Last night we had a large dinner party - about 50 people at our house. Among other things we served a variety of grilled steaks - skirt, ribeye, tenderloin, sirloin - from Alderspring Ranch in Idaho. Our guests spanned four generations and included 1st-generation immigrants from many countries: Russia, Belarus, China, Israel, and Mali. If you included the next generation you could also add Iran, Korea and Mexico - all-in-all a pretty culturally diverse group.
These Alderspring steaks got rave reviews across the board. They were tender and flavorful, well beyond any other meat I have tasted. We saved the organic top sirloin kabobs for last. One remarkable thing about them was the texture; I cut the sirloin into cubes about 1.25″ in size. It was the softest, most tender meat I have ever seen. Quite literally, if I didn’t know better I would assume it was from some other species with which I was unfamiliar. By the time it came off the grill my son and his friends who brought it in from our backyard had a very difficult time delivering itto the dining room, preferring instead to continue to “test it” privately, in the kitchen.
Online, 1st-Person
There is also something very gratifying in this day and age knowing that in purchasing this food I am conducting a transaction that, while long-distance, is between me and just two other people: a husband/wife team that raises these cattle, people who take responsibility for doing it well and doing it right, and are able to provide full traceability for every animal they raise. One more way in which the Web and the Internet extend the reach of both very small producers and the individual consumer. Disintermediation at its finest.

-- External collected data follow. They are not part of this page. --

(* There is a positive constant $C$ such that for every real number $\lambda$ and every real $x\ge0$, $$\sum_{k=0}^\infty\frac{|H_k(\lambda)|}{k!}x^k\le C(1+x)^{1/2}\exp\Big(x^2+\frac{\lambda^2}{2}\Big),$$ where $H_k$ denotes the $k$-th Hermite polynomial.
   Context: The Hermite polynomials are $H_k(\lambda)=(-1)^ke^{\lambda^2}\frac{d^k}{d\lambda^k}\big(e^{-\lambda^2}\big)$, $k=0,1,2,\dots$; equivalently $\sum_{k\ge0}\frac{H_k(\lambda)}{k!}x^k=\exp(2\lambda x-x^2)$. *)

theory Defs
  imports "HOL-Analysis.Analysis"
begin

definition hermite :: "nat \<Rightarrow> real \<Rightarrow> real" where
  "hermite k l = (-1) ^ k * exp (l\<^sup>2) * (deriv ^^ k) (\<lambda>t. exp (- t\<^sup>2)) l"

end

(*
  H_k(lambda) / k! is the k-th Taylor coefficient of exp(2 lambda z - z^2) at 0, so by Cauchy's
  estimate on the circle |z| = r it is at most r^-k times the mean over the circle of
    |exp(2 lambda z - z^2)| = exp(r^2 + lambda^2/2 - 2 r^2 (cos theta - lambda/(2r))^2).
  The Gaussian factor is concentrated near the (at most two) angles where cos theta is closest to
  lambda/(2r); cos is at worst quadratic there, so the mean is O(r^-1/2).  Taking r = sqrt(k/2)
  and a Stirling bound gives |H_k(lambda)| x^k / k! <= 16 e^(lambda^2/2) sqrt((2x^2)^k / k!), and
  by Cauchy-Schwarz against Poisson weights sum_k sqrt(m^k / k!) = O((1 + m)^(1/4) e^(m/2)).
  With m = 2x^2 this is the claimed bound.
*)

theory Submission
  imports Defs "HOL-Complex_Analysis.Complex_Analysis" "HOL-Computational_Algebra.Polynomial"
begin

section \<open>Hermite polynomials\<close>

fun hermite_poly :: "nat \<Rightarrow> 'a::idom poly" where
  "hermite_poly 0 = 1"
| "hermite_poly (Suc k) = smult 2 (pCons 0 (hermite_poly k)) - pderiv (hermite_poly k)"

lemma coeff_hermite_poly_Suc:
  "coeff (hermite_poly (Suc k)) i =
     2 * (case i of 0 \<Rightarrow> 0 | Suc j \<Rightarrow> coeff (hermite_poly k) j) - of_nat (Suc i) * coeff (hermite_poly k) (Suc i)"
  by (simp add: coeff_pderiv coeff_pCons split: nat.split)

lemma coeff_hermite_poly_eq_0: "odd (i + k) \<Longrightarrow> coeff (hermite_poly k) i = 0"
proof (induction k arbitrary: i)
  case 0
  then show ?case by (cases i) (auto simp: coeff_1)
next
  case (Suc k)
  then show ?case by (cases i) (simp_all add: coeff_pderiv)
qed
(* Let $k$ be a field, $(X,\leq)$ a locally finite preordered set and $C=IC(X)$ its incidence coalgebra. Let $(\mathcal C_i)_{i\in I}$ be the equivalence classes of $\sim$ and $D_i=\sum_{x,y\in\mathcal C_i}k e_{x,y}$. Then: (i) the coradical $C_0$ of $C$ equals $\sum_{i\in I}D_i$; (ii) for every $n\geq 0$, the $(n+1)$-th term $C_n$ of the coradical filtration of $C$ is the subspace spanned by all $e_{x,y}$ such that the interval $[x,y]$ has length at most $n$.
   Context: A preorder is reflexive and transitive; $(X,\leq)$ is locally finite if each $[x,y]=\{z\mid x\leq z\leq y\}$ is finite. $IC(X)$ has $k$-basis $\{e_{x,y}\mid x\leq y\}$, comultiplication $\Delta(e_{x,y})=\sum_{x\leq z\leq y}e_{x,z}\otimes e_{z,y}$ and counit $\varepsilon(e_{x,y})=\delta_{x,y}$. $x\sim y$ means $x\leq y$ and $y\leq x$. The coradical $C_0$ is the sum of all simple subcoalgebras; for subspaces $U,V$, $U\wedge V=\Delta^{-1}(U\otimes C+C\otimes V)$, and $C_n=C_0\wedge C_{n-1}$ for $n\ge1$. For $x\leq y$, the length of $[x,y]$ is $0$ if $x\sim y$, and otherwise is the greatest $n>0$ such that there is a chain $x=x_0<x_1<\cdots<x_n=y$ in $X$ (where $a<b$ means $a\leq b$ and not $b\leq a$). *)

theory Defs
  imports Main "HOL.Modules" "HOL-Library.Function_Algebras"
begin

definition fscale :: "'k::field \<Rightarrow> ('p \<Rightarrow> 'k) \<Rightarrow> ('p \<Rightarrow> 'k)" where
  "fscale c f = (\<lambda>p. c * f p)"

abbreviation kspan :: "('p \<Rightarrow> 'k::field) set \<Rightarrow> ('p \<Rightarrow> 'k) set" where
  "kspan S \<equiv> module.span fscale S"

abbreviation ksubspace :: "('p \<Rightarrow> 'k::field) set \<Rightarrow> bool" where
  "ksubspace S \<equiv> module.subspace fscale S"

definition locally_finite :: "'a::preorder itself \<Rightarrow> bool" where
  "locally_finite _ \<longleftrightarrow> (\<forall>x y::'a. finite {z. x \<le> z \<and> z \<le> y})"

text \<open>IC(X): the k-space with basis e_{x,y}, x \<le> y, i.e. finitely supported
  coefficient functions on the pairs (x,y) with x \<le> y.\<close>
definition IC :: "('a::preorder \<times> 'a \<Rightarrow> 'k::field) set" where
  "IC = {f. finite {p. f p \<noteq> 0} \<and> (\<forall>a b. f (a, b) \<noteq> 0 \<longrightarrow> a \<le> b)}"

definition ebasis :: "'a \<Rightarrow> 'a \<Rightarrow> ('a \<times> 'a \<Rightarrow> 'k::field)" where
  "ebasis x y = (\<lambda>p. if p = (x, y) then 1 else 0)"

text \<open>IC(X) \<otimes> IC(X), with basis e_{a,b} \<otimes> e_{c,d}, represented by coefficient functions.\<close>
definition ICtensor :: "(('a::preorder \<times> 'a) \<times> ('a \<times> 'a) \<Rightarrow> 'k::field) set" where
  "ICtensor = {g. finite {q. g q \<noteq> 0} \<and>
     (\<forall>a b c d. g ((a, b), (c, d)) \<noteq> 0 \<longrightarrow> a \<le> b \<and> c \<le> d)}"

definition tens :: "('p \<Rightarrow> 'k::field) \<Rightarrow> ('p \<Rightarrow> 'k) \<Rightarrow> ('p \<times> 'p \<Rightarrow> 'k)" where
  "tens u v = (\<lambda>(p, q). u p * v q)"

text \<open>Comultiplication: the linear extension of
  Delta(e_{x,y}) = sum_{x \<le> z \<le> y} e_{x,z} \<otimes> e_{z,y}, written coefficientwise.\<close>
definition Delta :: "('a::preorder \<times> 'a \<Rightarrow> 'k::field) \<Rightarrow> (('a \<times> 'a) \<times> ('a \<times> 'a) \<Rightarrow> 'k)" where
  "Delta f = (\<lambda>((a, b), (c, d)). if b = c \<and> a \<le> b \<and> c \<le> d then f (a, d) else 0)"

text \<open>Counit: the linear extension of epsilon(e_{x,y}) = delta_{x,y}.\<close>
definition counit :: "('a::preorder \<times> 'a \<Rightarrow> 'k::field) \<Rightarrow> 'k" where
  "counit f = (\<Sum>x\<in>{x. f (x, x) \<noteq> 0}. f (x, x))"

Political, Philosophical Questions
For many, there are questions that go well beyond 1st-person health issues: Doesn’t raising cattle use “too much” land? Is is right to kill other animals? If I’m going to eat meat shouldn’t be willing to kill it myself? All questions I continue to ask myself, but at this moment I have made my personal decision. For now. When I do eat meat I will try to make it grass-fed, pasture-raised, and free of the all-too-common contaminants that pollute our food chain. That means a higher percentage of my meat meals will be prepared at home using grass-fed beef.